Like unless there's gas in the car, unless you take this medicine, you won't get better.
The car won't start.
Don't speed pass unless, yeah.
Unless someone is born again, he cannot see the kingdom of God.
Just like you have nothing to do with your physical birth,
Jesus says you have nothing to do with your spiritual rebirth.
Something has to happen to you in order for you to see the kingdom of God.
A miracle of God has to occur in order for someone to be a child of God.
And he affirms this reality over and over again.
In John chapter 3, verse 6, Jesus says all that is flesh is flesh,
meaning you, because you are born of Adam,
are born into sin. Psalm 51, verse 5. In sin, did my mother conceive me? We are not born children
of God. We are born, Ephesians 2, enemies of God. And so Jesus is just affirming this reality
over and over again. There needs to be a miracle in your life. God's sovereignty and salvation
is present. However, and this is just kind of setting up what we see throughout the rest of
scripture, after five times affirming God's sovereignty and salvation, the necessity of being
born again, seven times in the following verses, Jesus will affirm that you need to look in faith
to the one that's going to be lifted up. It says, for God's to love the world that he gave his only
begotten son, that whosoever is born again. No, it says whosoever believes in him should not perish
but have everlasting life. So, you know, I want you to intervene. Juxtapose constantly, and this is
the most, I would, probably one of the most popular chapters in the Bible. You see this reality
of God's sovereignty and salvation.
And then there's this, right after that,
you need to believe, you know,
just like Moses lifted up the serpent in the wilderness
and whoever looked to that serpent,
lifted up on the pole, was healed.
He's emphasizing, reinforcing,
this isn't something you can wash your hands of the matter of.

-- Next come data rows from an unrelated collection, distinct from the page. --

text \<open>Domain of \<open>d\<^sub>K\<^sup>1\<^sup>/\<^sup>2(Q)\<close> (maximal multiplication operator).\<close>
definition deg_sqrt_dom :: "nat set \<Rightarrow> (nat \<Rightarrow> nat \<Rightarrow> bool) \<Rightarrow> (nat \<Rightarrow> complex) set" where
  "deg_sqrt_dom V E = {f. l2 V f \<and>
      (\<Sum>\<^sub>\<infinity>x\<in>V. ennreal (real (deg E x) * (cmod (f x))\<^sup>2)) < \<infinity>}"

definition lap :: "(nat \<Rightarrow> nat \<Rightarrow> bool) \<Rightarrow> (nat \<Rightarrow> complex) \<Rightarrow> nat \<Rightarrow> complex" where
  "lap E f x = (\<Sum>y\<in>{y. E x y}. f x - f y)"

text \<open>\<open>\<ell>\<^sup>2\<close> inner product \<open>\<langle>f, g\<rangle>\<close> (antilinear in the first slot), for finitely supported f.\<close>
definition inner_fs :: "nat set \<Rightarrow> (nat \<Rightarrow> complex) \<Rightarrow> (nat \<Rightarrow> complex) \<Rightarrow> complex" where
  "inner_fs V f g = (\<Sum>x\<in>{x\<in>V. f x \<noteq> 0}. cnj (f x) * g x)"

end

theory Submission
  imports Defs "HOL-Library.Discrete_Functions"
begin

text \<open>The vertices are grouped into blocks \<open>B\<^sub>n\<close> of \<open>2^(n+1)\<close> consecutive numbers; each block
  carries the complete bipartite graph between its even and its odd members, and consecutive
  numbers are joined. A vertex of \<open>B\<^sub>n\<close> has degree at least \<open>2^n\<close>, but at most two of its edges
  leave the block, so a function that is constant on blocks has energy at most \<open>4\<parallel>f\<parallel>\<^sup>2\<close>.
  Hence \<open>w = 2^(-n)\<close> on \<open>B\<^sub>n\<close> lies in the form domain (its block truncations converge in the form
  norm), while \<open>\<Sum> d |w|\<^sup>2 \<ge> \<Sum>\<^sub>x 1/(x+1) = \<infinity>\<close>. Likewise the indicator of \<open>B\<^sub>n\<close> has energy at
  most \<open>2|B\<^sub>n|\<close> but \<open>\<langle>f, d f\<rangle> \<ge> 2^n |B\<^sub>n|\<close>, which rules out any form comparison.\<close>

lemma infsum_cmult_left_ennreal:
  fixes f :: "'a \<Rightarrow> ennreal"
  shows "(\<Sum>\<^sub>\<infinity>x\<in>A. c * f x) = c * (\<Sum>\<^sub>\<infinity>x\<in>A. f x)"
  by (simp add: nonneg_infsum_complete SUP_mult_left_ennreal sum_distrib_left)

lemma infsum_UNIV_nat_ennreal:
  fixes a :: "nat \<Rightarrow> ennreal"
  shows "(\<Sum>\<^sub>\<infinity>x\<in>UNIV. a x) = (\<Sum>x. a x)"
proof -
  have "(a has_sum infsum a UNIV) UNIV" by (rule has_sum_infsum) (simp add: nonneg_summable_on_complete)
  then have "a sums infsum a UNIV" by (rule has_sum_imp_sums)
  then show ?thesis by (simp add: sums_iff)
qed

lemma summable_if_infsum_ennreal_finite:
  fixes r :: "nat \<Rightarrow> real"
  assumes "\<And>x. 0 \<le> r x" and "(\<Sum>\<^sub>\<infinity>x\<in>UNIV. ennreal (r x)) < \<infinity>"
  shows "summable r"
  using assms summable_suminf_not_top by (fastforce simp: infsum_UNIV_nat_ennreal)

lemma infsum_ennreal_tail_tendsto_0:
  fixes r :: "nat \<Rightarrow> real"
  assumes nonneg: "\<And>x. 0 \<le> r x" and fin: "(\<Sum>\<^sub>\<infinity>x\<in>UNIV. ennreal (r x)) < \<infinity>"
  shows "(\<lambda>n. \<Sum>\<^sub>\<infinity>x\<in>UNIV. ennreal (if x < n then 0 else r x)) \<longlonglongrightarrow> 0"
proof -
  have r: "summable r" using assms by (rule summable_if_infsum_ennreal_finite)
  have tail: "(\<Sum>\<^sub>\<infinity>x\<in>UNIV. ennreal (if x < n then 0 else r x)) = ennreal (suminf r - (\<Sum>i<n. r i))"
    for n
  proof -
    have head: "(\<lambda>i. if i < n then r i else 0) sums (\<Sum>i<n. r i)"
      using sums_If_finite_set[of "{..<n}" r] by simp
    have "(\<lambda>i. if i < n then 0 else r i) sums (suminf r - (\<Sum>i<n. r i))"
      using sums_diff[OF summable_sums[OF r] head] by (simp add: if_distrib cong: if_cong)
    then show ?thesis
      by (simp add: infsum_UNIV_nat_ennreal suminf_ennreal_eq nonneg sums_iff)
  qed
  have "(\<lambda>n. suminf r - (\<Sum>i<n. r i)) \<longlonglongrightarrow> suminf r - suminf r"
    by (intro tendsto_intros summable_LIMSEQ r)
  then show ?thesis
    unfolding tail by (intro tendsto_ennrealI[of _ 0, simplified]) simp
qed

lemma ennreal_tendsto_0_if_le:
  fixes q g :: "nat \<Rightarrow> ennreal"
  assumes "\<And>n. q n \<le> g n" and "g \<longlonglongrightarrow> 0"
  shows "q \<longlonglongrightarrow> 0"
  by (rule tendsto_sandwich[OF _ _ tendsto_const assms(2)]) (simp_all add: assms(1))

lemma l2norm_sq_finite: "l2 UNIV f \<Longrightarrow> l2norm_sq UNIV f < \<infinity>"
proof -
  assume "l2 UNIV f"
  then have "summable (\<lambda>x. (cmod (f x))\<^sup>2)"
    by (simp add: l2_def summable_on_imp_summable)
  then have "(\<Sum>x. ennreal ((cmod (f x))\<^sup>2)) \<noteq> top"
    by (rule ennreal_suminf_neq_top) simp
  then show ?thesis
    by (simp add: l2norm_sq_def infsum_UNIV_nat_ennreal top.not_eq_extremum)
qed

section \<open>The energy form of a locally finite graph\<close>

lemma infsum_edges_fst_le_deg:
  assumes fin: "\<And>x. finite {y. E x y}"
  shows "(\<Sum>\<^sub>\<infinity>p\<in>{(x, y). E x y}. g (fst p)) \<le> (\<Sum>\<^sub>\<infinity>x\<in>UNIV. of_nat (deg E x) * (g x :: ennreal))"
proof -
  have "sum (\<lambda>p. g (fst p)) F \<le> (\<Sum>\<^sub>\<infinity>x\<in>UNIV. of_nat (deg E x) * g x)"
    if F: "finite F" "F \<subseteq> {(x, y). E x y}" for F
  proof -
    let ?S = "Sigma (fst ` F) (\<lambda>x. {y. E x y})"
    have "sum (\<lambda>p. g (fst p)) F \<le> sum (\<lambda>p. g (fst p)) ?S"
      using F fin by (intro sum_mono2 finite_SigmaI) force+
    also have "\<dots> = (\<Sum>x\<in>fst ` F. \<Sum>y\<in>{y. E x y}. g x)"
    proof -
      have "(\<Sum>x\<in>fst ` F. \<Sum>y\<in>{y. E x y}. g x) = (\<Sum>(x, y)\<in>?S. g x)"
        using F fin by (intro sum.Sigma) auto
      then show ?thesis by (simp add: case_prod_unfold)
    qed
    also have "\<dots> = (\<Sum>x\<in>fst ` F. of_nat (deg E x) * g x)"
      by (simp add: deg_def)
    also have "\<dots> \<le> (\<Sum>\<^sub>\<infinity>x\<in>UNIV. of_nat (deg E x) * g x)"
      unfolding nonneg_infsum_complete[OF zero_le] using F by (intro SUP_upper) auto
    finally show ?thesis .
  qed
  then show ?thesis
    unfolding nonneg_infsum_complete[OF zero_le, of _ "{(x, y). E x y}"] by (auto intro: SUP_least)
qed

lemma cmod_diff_sq_le: "(cmod (a - b))\<^sup>2 \<le> 2 * ((cmod a)\<^sup>2 + (cmod b)\<^sup>2)"
proof -
  have "(cmod (a - b))\<^sup>2 \<le> (cmod a + cmod b)\<^sup>2"
    by (rule power_mono[OF norm_triangle_ineq4]) simp
  also have "\<dots> \<le> 2 * ((cmod a)\<^sup>2 + (cmod b)\<^sup>2)"
    using zero_le_power2[of "cmod a - cmod b"] unfolding power2_sum power2_diff distrib_left by linarith
  finally show ?thesis .
qed

lemma qform_le_deg:
  assumes sym: "\<And>x y. E x y \<Longrightarrow> E y x" and fin: "\<And>x. finite {y. E x y}"
  shows "qform E h \<le> 2 * (\<Sum>\<^sub>\<infinity>x\<in>UNIV. ennreal (real (deg E x) * (cmod (h x))\<^sup>2))"
proof -
  let ?P = "{(x, y). E x y}"
  let ?g = "\<lambda>x. ennreal ((cmod (h x))\<^sup>2)"
  define S where "S = (\<Sum>\<^sub>\<infinity>p\<in>?P. ?g (fst p))"
  have swap: "(\<Sum>\<^sub>\<infinity>p\<in>?P. ?g (snd p)) = S"
  proof -
    have "bij_betw prod.swap ?P ?P"
      by (rule bij_betwI[of _ _ _ prod.swap]) (auto intro: sym)
    then show ?thesis
      unfolding S_def using infsum_reindex_bij_betw[of prod.swap ?P ?P "\<lambda>p. ?g (fst p)"] by simp
  qed
  have "(\<Sum>\<^sub>\<infinity>p\<in>?P. ennreal ((cmod (h (fst p) - h (snd p)))\<^sup>2))
      \<le> (\<Sum>\<^sub>\<infinity>p\<in>?P. 2 * (?g (fst p) + ?g (snd p)))"
  proof (rule infsum_mono)
    fix p
    have "ennreal ((cmod (h (fst p) - h (snd p)))\<^sup>2)
        \<le> ennreal (2 * ((cmod (h (fst p)))\<^sup>2 + (cmod (h (snd p)))\<^sup>2))"
      by (rule ennreal_leI[OF cmod_diff_sq_le])
    then show "ennreal ((cmod (h (fst p) - h (snd p)))\<^sup>2) \<le> 2 * (?g (fst p) + ?g (snd p))"
      by (simp add: ennreal_mult' ennreal_plus)
  qed (simp_all add: nonneg_summable_on_complete)
  also have "\<dots> = 2 * (S + S)"
  proof -
    have "(\<Sum>\<^sub>\<infinity>p\<in>?P. ?g (fst p) + ?g (snd p)) = S + (\<Sum>\<^sub>\<infinity>p\<in>?P. ?g (snd p))"
      unfolding S_def by (rule infsum_add) (simp_all add: nonneg_summable_on_complete)
    then show ?thesis by (simp only: infsum_cmult_left_ennreal swap)
  qed
  finally have "qform E h \<le> 2 * (S + S) / 2"
    unfolding qform_def by (rule divide_right_mono_ennreal)
  also have "\<dots> = S + S"
    by (subst mult.commute, rule ennreal_mult_divide_eq) simp_all
  also have "\<dots> \<le> 2 * (\<Sum>\<^sub>\<infinity>x\<in>UNIV. ennreal (real (deg E x) * (cmod (h x))\<^sup>2))"
  proof -
    have "(\<Sum>\<^sub>\<infinity>x\<in>UNIV. of_nat (deg E x) * ?g x)
        = (\<Sum>\<^sub>\<infinity>x\<in>UNIV. ennreal (real (deg E x) * (cmod (h x))\<^sup>2))"
      by (simp add: ennreal_mult' ennreal_of_nat_eq_real_of_nat)
    with infsum_edges_fst_le_deg[of E ?g, OF fin]
    have "S \<le> (\<Sum>\<^sub>\<infinity>x\<in>UNIV. ennreal (real (deg E x) * (cmod (h x))\<^sup>2))"
      unfolding S_def by simp
    then show ?thesis unfolding mult_2 by (intro add_mono)
  qed
  finally show ?thesis .
qed

lemma qform_subgraph_eq:
  assumes sub: "\<And>x y. E' x y \<Longrightarrow> E x y" and const: "\<And>x y. E x y \<Longrightarrow> \<not> E' x y \<Longrightarrow> h x = h y"
  shows "qform E h = qform E' h"
  unfolding qform_def
proof (rule arg_cong[where f="\<lambda>t. t / 2"], rule infsum_cong_neutral)
  fix p assume "p \<in> {(x, y). E x y} - {(x, y). E' x y}"
  then have "h (fst p) = h (snd p)" by (intro const) auto
  then show "ennreal ((cmod (h (fst p) - h (snd p)))\<^sup>2) = 0" by simp
qed (use sub in auto)

section \<open>The block graph\<close>

text \<open>Block \<open>n\<close> is the interval \<open>[2^(n+1) - 2, 2^(n+2) - 2)\<close>.\<close>
definition block :: "nat \<Rightarrow> nat" where
  "block x = floor_log (x div 2 + 1)"

lemma two_pow_block_le: "2 ^ block x \<le> x div 2 + 1"
  unfolding block_def by (rule floor_log_exp2_le) simp

lemma less_two_pow_Suc_block: "x div 2 + 1 < 2 * 2 ^ block x"
  unfolding block_def by (rule floor_log_exp2_gt)

lemma block_eqI: "2 ^ n \<le> x div 2 + 1 \<Longrightarrow> x div 2 + 1 < 2 * 2 ^ n \<Longrightarrow> block x = n"
  unfolding block_def by (rule floor_log_eqI) auto

lemma less_four_pow_block: "x < 4 * 2 ^ block x"
  using less_two_pow_Suc_block[of x] by linarith

lemma block_less: "x < n \<Longrightarrow> block x < n"
proof -
  assume "x < n"
  have "2 ^ block x \<le> x div 2 + 1" by (rule two_pow_block_le)
  also have "\<dots> \<le> n" using \<open>x < n\<close> by linarith
  also have "n < 2 ^ n" by (rule less_exp)
  finally show ?thesis by (simp add: power_strict_increasing_iff)
qed

lemma finite_block_less: "finite {x. block x < n}"
proof (rule finite_subset)
  show "{x. block x < n} \<subseteq> {..< 4 * 2 ^ n}"
  proof
    fix x assume "x \<in> {x. block x < n}"
    then have "4 * 2 ^ block x \<le> (4::nat) * 2 ^ n" by (simp add: power_increasing)
    with less_four_pow_block[of x] show "x \<in> {..< 4 * 2 ^ n}" by (simp only: lessThan_iff)
  qed
qed simp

You need to believe in Jesus Christ.
And so maybe if I was just going to turn the screws a little bit,
I guess the question I would pose then
that maybe we can use as the starting off point is,
so which one is it?
Like, is God sovereign or is man responsible for responding in faith?
And concisely, how would you answer that question?
Well, the answer would be yes.
And I think I always want to go back to A.W. Tozer, and I say this often when I'm preaching.
It takes a whole Bible to make a whole Christian, meaning that people that are watching this
are listening to this, they walk into maybe this conversation with a theological bent.
And one of the things that I've seen probably over and over again, and this is nothing new,
this is something that's as old as the sun, right?
There's nothing new under the sun,
is that people elevate one passage
at the expense and diminishment of another.
You'll often say, which I feel like is helpful,
is just there's two ditches on either side of the road.
And so maybe what would be the ditch
if you were to be over-emphasizing God's sovereignty?
Well, that's sometimes referred to as hyper-Calvinism.
So hyper-Calvinism, first of all,
I don't really know anybody that's a hyper-Calvinist,
but I think they're out there.
Hyper-Calvinism would be, well, if God is sovereign in salvation, a few things.
First of all, no need to share my faith.
If God's going to save whom he's going to save, then he's going to do what he's going to do.
Why send missionaries?
Why preach the gospel to my neighbor?
You could say this even about your own heart, meaning like, you could be in sin, right?
You could be an unbeliever and you could also recuse yourself and saying, well, if I'm one of the elect,
God, you know, and salvation's a miracle.
Maybe that miracle is just not taking place in my life, right?
So you could say it both outside, you know, looking out at the world.
Why do I have to help my neighbors?
You know, that's why Jay Packer wrote the book Evangelism and the sovereignty of God.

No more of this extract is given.